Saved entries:

(* For every $\varepsilon>0$ there exists $n(\varepsilon)$ such that for all $n>n(\varepsilon)$, $$7-\varepsilon\ \le\ \mathrm{ifcov}(G_{n\times n})\ \le\ \frac{213}{25}=8.52,$$ where $G_{n\times n}$ is the $n\times n$ square grid graph.
   Context: For a graph $G$ and a function $D:V(G)\to\mathbb{N}$ (an integer pebble distribution, of size $|D|=\sum_v D(v)$), the weight function is $W_D(u)=\sum_{v\in V(G)}D(v)2^{-d(u,v)}$, where $d$ denotes graph distance. The optimal integer fractional covering ratio of $G$ is $$\mathrm{ifcov}(G)=\frac{|V(G)|}{\min\{|D| : D:V(G)\to\mathbb{N},\ W_D(u)\ge 1 \text{ for all } u\in V(G)\}},$$ i.e. the number of vertices divided by the minimum size of an integer distribution covering every vertex in the fractional sense. $G_{n\times n}$ is the Cartesian product of two paths on $n$ vertices. *)

theory Defs
  imports "HOL-Analysis.Analysis"
begin

text \<open>A (finite, simple, undirected) graph is given by a vertex set V and an edge set
E of ordered pairs (assumed symmetric).\<close>

definition graph_dist :: "('a \<times> 'a) set \<Rightarrow> 'a \<Rightarrow> 'a \<Rightarrow> nat" where
  "graph_dist E u v = (LEAST k. (u, v) \<in> E ^^ k)"

definition weight :: "'a set \<Rightarrow> ('a \<times> 'a) set \<Rightarrow> ('a \<Rightarrow> nat) \<Rightarrow> 'a \<Rightarrow> real" where
  "weight V E D u = (\<Sum>v\<in>V. real (D v) * (1/2) ^ graph_dist E u v)"

definition covers :: "'a set \<Rightarrow> ('a \<times> 'a) set \<Rightarrow> ('a \<Rightarrow> nat) \<Rightarrow> bool" where
  "covers V E D \<longleftrightarrow> (\<forall>u\<in>V. weight V E D u \<ge> 1)"

text \<open>Minimum size |D| = sum_v D(v) of a covering integer distribution
(distributions are functions on V; values outside V are irrelevant).\<close>
definition min_cover_size :: "'a set \<Rightarrow> ('a \<times> 'a) set \<Rightarrow> nat" where
  "min_cover_size V E = (LEAST s. \<exists>D. covers V E D \<and> (\<Sum>v\<in>V. D v) = s)"

definition ifcov :: "'a set \<Rightarrow> ('a \<times> 'a) set \<Rightarrow> real" where
  "ifcov V E = real (card V) / real (min_cover_size V E)"

definition grid_V :: "nat \<Rightarrow> (nat \<times> nat) set" where
  "grid_V n = {0..<n} \<times> {0..<n}"

definition grid_E :: "nat \<Rightarrow> ((nat \<times> nat) \<times> (nat \<times> nat)) set" where
  "grid_E n = {((i, j), (i', j')). (i, j) \<in> grid_V n \<and> (i', j') \<in> grid_V n \<and>
      ((i = i' \<and> (j' = j + 1 \<or> j = j' + 1)) \<or> (j = j' \<and> (i' = i + 1 \<or> i = i' + 1)))}"

end

theory Submission
  imports Defs
begin

text \<open>
The bound \<open>ifcov \<le> 213/25\<close>: sum the inequalities \<open>W_D(u) \<ge> 1\<close> over all \<open>n^2\<close> vertices and exchange
the sums.  A pebble at \<open>v\<close> then contributes \<open>\<Sum>_u 2^(-d(u,v))\<close>, a product of two one-dimensional
geometric sums, which is at most \<open>3 \<cdot> 3 = 9\<close> for an interior vertex and at most \<open>2 \<cdot> 3 = 6\<close> on the
boundary.  For an interior vertex \<open>v\<close> the four diagonal neighbours must be covered too; each of
them sees any pebble at most \<open>25/4\<close> times as strongly as \<open>v\<close> does, and sees a pebble at \<open>v\<close> itself
with total weight 1, which forces the excess \<open>W_D(v) - 1\<close> to be at least \<open>12/25 \<cdot> D(v)\<close>.
Discounting these excesses leaves \<open>9 - 12/25 = 213/25\<close> per pebble.

The bound \<open>ifcov \<ge> 7 - \<epsilon>\<close>: put a pebble on every vertex \<open>(i, j)\<close> with \<open>i + 2j \<equiv> 0 (mod 7)\<close>, a
perfect code of the infinite grid, and on the five outermost rows and columns.  Every other vertex
sees lattice points at distances whose weights \<open>2^(-d)\<close> add up to at least 1, and the distribution
has \<open>n^2/7 + O(n)\<close> pebbles.
\<close>

section \<open>Distances in the grid\<close>

definition absdiff :: "nat \<Rightarrow> nat \<Rightarrow> nat" where
  "absdiff a b = (a - b) + (b - a)"

lemma absdiff_self [simp]: "absdiff a a = 0"
  by (simp add: absdiff_def)

lemma absdiff_triangle: "absdiff a c \<le> absdiff a b + absdiff b c"
  by (simp add: absdiff_def)

lemma grid_E_absdiff: "((a, b), (c, d)) \<in> grid_E n \<Longrightarrow> absdiff a c + absdiff b d = 1"
  by (auto simp: grid_E_def absdiff_def)

lemma grid_E_relpow_imp_absdiff_le:
  "((a, b), (c, d)) \<in> grid_E n ^^ k \<Longrightarrow> absdiff a c + absdiff b d \<le> k"
proof (induction k arbitrary: c d)
  case 0
  then show ?case by simp
next
  case (Suc k)
  then obtain y where walk: "((a, b), y) \<in> grid_E n ^^ k" and edge: "(y, (c, d)) \<in> grid_E n"
    by (meson relpow_Suc_E)
  obtain e f where y: "y = (e, f)" by (cases y)
  have "absdiff a e + absdiff b f \<le> k" using Suc.IH walk y by blast
  moreover have "absdiff e c + absdiff f d = 1" using edge y by (simp add: grid_E_absdiff)
  ultimately show ?case
    using absdiff_triangle[of a c e] absdiff_triangle[of b d f] by linarith
qed

lemma grid_E_relpow_absdiff:
  assumes "a < n" "b < n" "c < n" "d < n"
  shows "((a, b), (c, d)) \<in> grid_E n ^^ (absdiff a c + absdiff b d)"
  using assms
proof (induction "absdiff a c + absdiff b d" arbitrary: a b)
  case 0
  then show ?case by (simp add: absdiff_def)
next
  case (Suc k)
  show ?case
  proof (cases "a = c")
    case False
    define a' where "a' = (if a < c then a + 1 else a - 1)"
    have edge: "((a, b), (a', b)) \<in> grid_E n"
      using False Suc.prems by (auto simp: a'_def grid_E_def grid_V_def)
    have k: "k = absdiff a' c + absdiff b d"
      using Suc.hyps(2) False by (auto simp: a'_def absdiff_def)
    have "((a', b), (c, d)) \<in> grid_E n ^^ k"
      using Suc.hyps(1)[OF k] Suc.prems False k by (auto simp: a'_def)
    then show ?thesis using edge Suc.hyps(2) relpow_Suc_I2 by metis
  next
    case True
    then have "b \<noteq> d" using Suc.hyps(2) by (auto simp: absdiff_def)
    define b' where "b' = (if b < d then b + 1 else b - 1)"
    have edge: "((a, b), (a, b')) \<in> grid_E n"
      using \<open>b \<noteq> d\<close> Suc.prems by (auto simp: b'_def grid_E_def grid_V_def)
    have k: "k = absdiff a c + absdiff b' d"
      using Suc.hyps(2) \<open>b \<noteq> d\<close> by (auto simp: b'_def absdiff_def)
    have "((a, b'), (c, d)) \<in> grid_E n ^^ k"
      using Suc.hyps(1)[OF k] Suc.prems \<open>b \<noteq> d\<close> k by (auto simp: b'_def)
    then show ?thesis using edge Suc.hyps(2) relpow_Suc_I2 by metis
  qed
qed

lemma graph_dist_grid:
  assumes "a < n" "b < n" "c < n" "d < n"
  shows "graph_dist (grid_E n) (a, b) (c, d) = absdiff a c + absdiff b d"
  unfolding graph_dist_def
  by (rule Least_equality) (use assms in \<open>auto intro: grid_E_relpow_absdiff grid_E_relpow_imp_absdiff_le\<close>)

definition grid_decay :: "nat \<times> nat \<Rightarrow> nat \<times> nat \<Rightarrow> real" where
  "grid_decay u w = (1/2) ^ (absdiff (fst u) (fst w) + absdiff (snd u) (snd w))"

lemma grid_decay_self [simp]: "grid_decay u u = 1"
  by (simp add: grid_decay_def)

lemma grid_decay_nonneg: "grid_decay u w \<ge> 0"
  by (simp add: grid_decay_def)

lemma finite_grid_V [simp]: "finite (grid_V n)"
  by (simp add: grid_V_def)

lemma card_grid_V: "card (grid_V n) = n * n"
  by (simp add: grid_V_def)

lemma weight_grid:
  assumes "u \<in> grid_V n"
  shows "weight (grid_V n) (grid_E n) D u = (\<Sum>w\<in>grid_V n. real (D w) * grid_decay u w)"
  unfolding weight_def
  by (rule sum.cong) (use assms in \<open>auto simp: grid_V_def graph_dist_grid grid_decay_def\<close>)

lemma weight_grid_ge_subset_sum:
  assumes "u \<in> grid_V n" "S \<subseteq> grid_V n"
  shows "(\<Sum>w\<in>S. real (D w) * grid_decay u w) \<le> weight (grid_V n) (grid_E n) D u"
  unfolding weight_grid[OF assms(1)]
  by (rule sum_mono2) (use assms(2) in \<open>auto simp: grid_decay_nonneg\<close>)

section \<open>Every covering has at least \<open>25/213 \<cdot> n\<^sup>2\<close> pebbles\<close>

lemma sum_atMost_half_power_diff: "(\<Sum>i\<le>a. (1/2::real) ^ (a - i)) = 2 - (1/2) ^ a"
proof (induction a)
  case (Suc a)
  have "(\<Sum>i\<le>a. (1/2::real) ^ (Suc a - i)) = (1/2) * (\<Sum>i\<le>a. (1/2) ^ (a - i))"
    by (simp add: sum_distrib_left Suc_diff_le)
  then show ?case using Suc by simp
qed simp

lemma sum_greaterThan_half_power_diff:
  "Suc a \<le> n \<Longrightarrow> (\<Sum>i\<in>{Suc a..<n}. (1/2::real) ^ (i - a)) = 1 - (1/2) ^ (n - 1 - a)"
proof (induction rule: dec_induct)
  case (step m)
  have "m - a = Suc (m - 1 - a)" using step by auto
  then have "(1::real) - (1/2) ^ (m - 1 - a) + (1/2) ^ (m - a) = 1 - (1/2) ^ (m - a)"
    by simp
  then show ?case using step by simp
qed simp

lemma line_decay_sum_le:
  assumes "a < n"
  shows "(\<Sum>i<n. (1/2::real) ^ absdiff i a) \<le> 3 - (1/2) ^ a - (1/2) ^ (n - 1 - a)"
proof -
  have split: "{..<n} = {..a} \<union> {Suc a..<n}" using assms by auto
  have "(\<Sum>i<n. (1/2::real) ^ absdiff i a)
      = (\<Sum>i\<le>a. (1/2) ^ absdiff i a) + (\<Sum>i\<in>{Suc a..<n}. (1/2) ^ absdiff i a)"
    unfolding split by (rule sum.union_disjoint) auto
  also have "\<dots> = (\<Sum>i\<le>a. (1/2) ^ (a - i)) + (\<Sum>i\<in>{Suc a..<n}. (1/2) ^ (i - a))"
    by (intro arg_cong2[where f = "(+)"] sum.cong) (auto simp: absdiff_def)
  finally show ?thesis
    using sum_atMost_half_power_diff[of a] sum_greaterThan_half_power_diff[of a n] assms by simp
qed

lemma line_decay_sum_le_3: "a < n \<Longrightarrow> (\<Sum>i<n. (1/2::real) ^ absdiff i a) \<le> 3"
  using line_decay_sum_le[of a n] zero_le_power[of "1/2::real" a] zero_le_power[of "1/2::real" "n - 1 - a"]
  by linarith

lemma line_decay_sum_le_2_at_end:
  assumes "a < n" "a = 0 \<or> a = n - 1"
  shows "(\<Sum>i<n. (1/2::real) ^ absdiff i a) \<le> 2"
proof -
  have "(1/2::real) ^ a = 1 \<or> (1/2::real) ^ (n - 1 - a) = 1" using assms by auto
  then show ?thesis
    using line_decay_sum_le[OF assms(1)] zero_le_power[of "1/2::real" a]
      zero_le_power[of "1/2::real" "n - 1 - a"]
    by linarith
qed

lemma sum_cartesian_product_mult:
  "(\<Sum>(x, y)\<in>A \<times> B. f x * g y) = sum f A * (sum g B :: 'c :: comm_semiring_0)"
  by (simp add: sum_product sum.cartesian_product)

lemma grid_decay_sum:
  "(\<Sum>u\<in>grid_V n. grid_decay u w) = (\<Sum>i<n. (1/2) ^ absdiff i (fst w)) * (\<Sum>j<n. (1/2) ^ absdiff j (snd w))"
  using sum_cartesian_product_mult[of "\<lambda>i. (1/2::real) ^ absdiff i (fst w)"
      "\<lambda>j. (1/2) ^ absdiff j (snd w)" "{0..<n}" "{0..<n}"]
  by (simp add: grid_V_def grid_decay_def power_add case_prod_beta' atLeast0LessThan)

definition grid_interior :: "nat \<Rightarrow> (nat \<times> nat) set" where
  "grid_interior n = {1..<n - 1} \<times> {1..<n - 1}"

lemma grid_decay_sum_le_9:
  assumes "w \<in> grid_V n"
  shows "(\<Sum>u\<in>grid_V n. grid_decay u w) \<le> 9"
proof -
  have "fst w < n" "snd w < n" using assms by (auto simp: grid_V_def)
  then have "(\<Sum>i<n. (1/2::real) ^ absdiff i (fst w)) * (\<Sum>j<n. (1/2) ^ absdiff j (snd w)) \<le> 3 * 3"
    by (intro mult_mono line_decay_sum_le_3 sum_nonneg) auto
  then show ?thesis by (simp add: grid_decay_sum)
qed

lemma grid_decay_sum_le_6_off_interior:
  assumes "w \<in> grid_V n" "w \<notin> grid_interior n"
  shows "(\<Sum>u\<in>grid_V n. grid_decay u w) \<le> 6"
proof -
  have lt: "fst w < n" "snd w < n" using assms(1) by (auto simp: grid_V_def)
  moreover have "\<not> (1 \<le> fst w \<and> fst w < n - 1 \<and> 1 \<le> snd w \<and> snd w < n - 1)"
    using assms(2) by (cases w) (simp add: grid_interior_def)
  ultimately consider "fst w = 0 \<or> fst w = n - 1" | "snd w = 0 \<or> snd w = n - 1"
    by linarith
  then have "(\<Sum>i<n. (1/2::real) ^ absdiff i (fst w)) * (\<Sum>j<n. (1/2) ^ absdiff j (snd w)) \<le> 6"
  proof cases
    case 1
    then have "(\<Sum>i<n. (1/2::real) ^ absdiff i (fst w)) * (\<Sum>j<n. (1/2) ^ absdiff j (snd w)) \<le> 2 * 3"
      using lt by (intro mult_mono line_decay_sum_le_3 line_decay_sum_le_2_at_end sum_nonneg) auto
    then show ?thesis by simp
  next
    case 2
    then have "(\<Sum>i<n. (1/2::real) ^ absdiff i (fst w)) * (\<Sum>j<n. (1/2) ^ absdiff j (snd w)) \<le> 3 * 2"
      using lt by (intro mult_mono line_decay_sum_le_3 line_decay_sum_le_2_at_end sum_nonneg) auto
    then show ?thesis by simp
  qed
  then show ?thesis by (simp add: grid_decay_sum)
qed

Activity: Copy out the lines of the records above in which the string "split" appears.

Completed exercise:
  have split: "{..<n} = {..a} \<union> {Suc a..<n}" using assms by auto
    unfolding split by (rule sum.union_disjoint) auto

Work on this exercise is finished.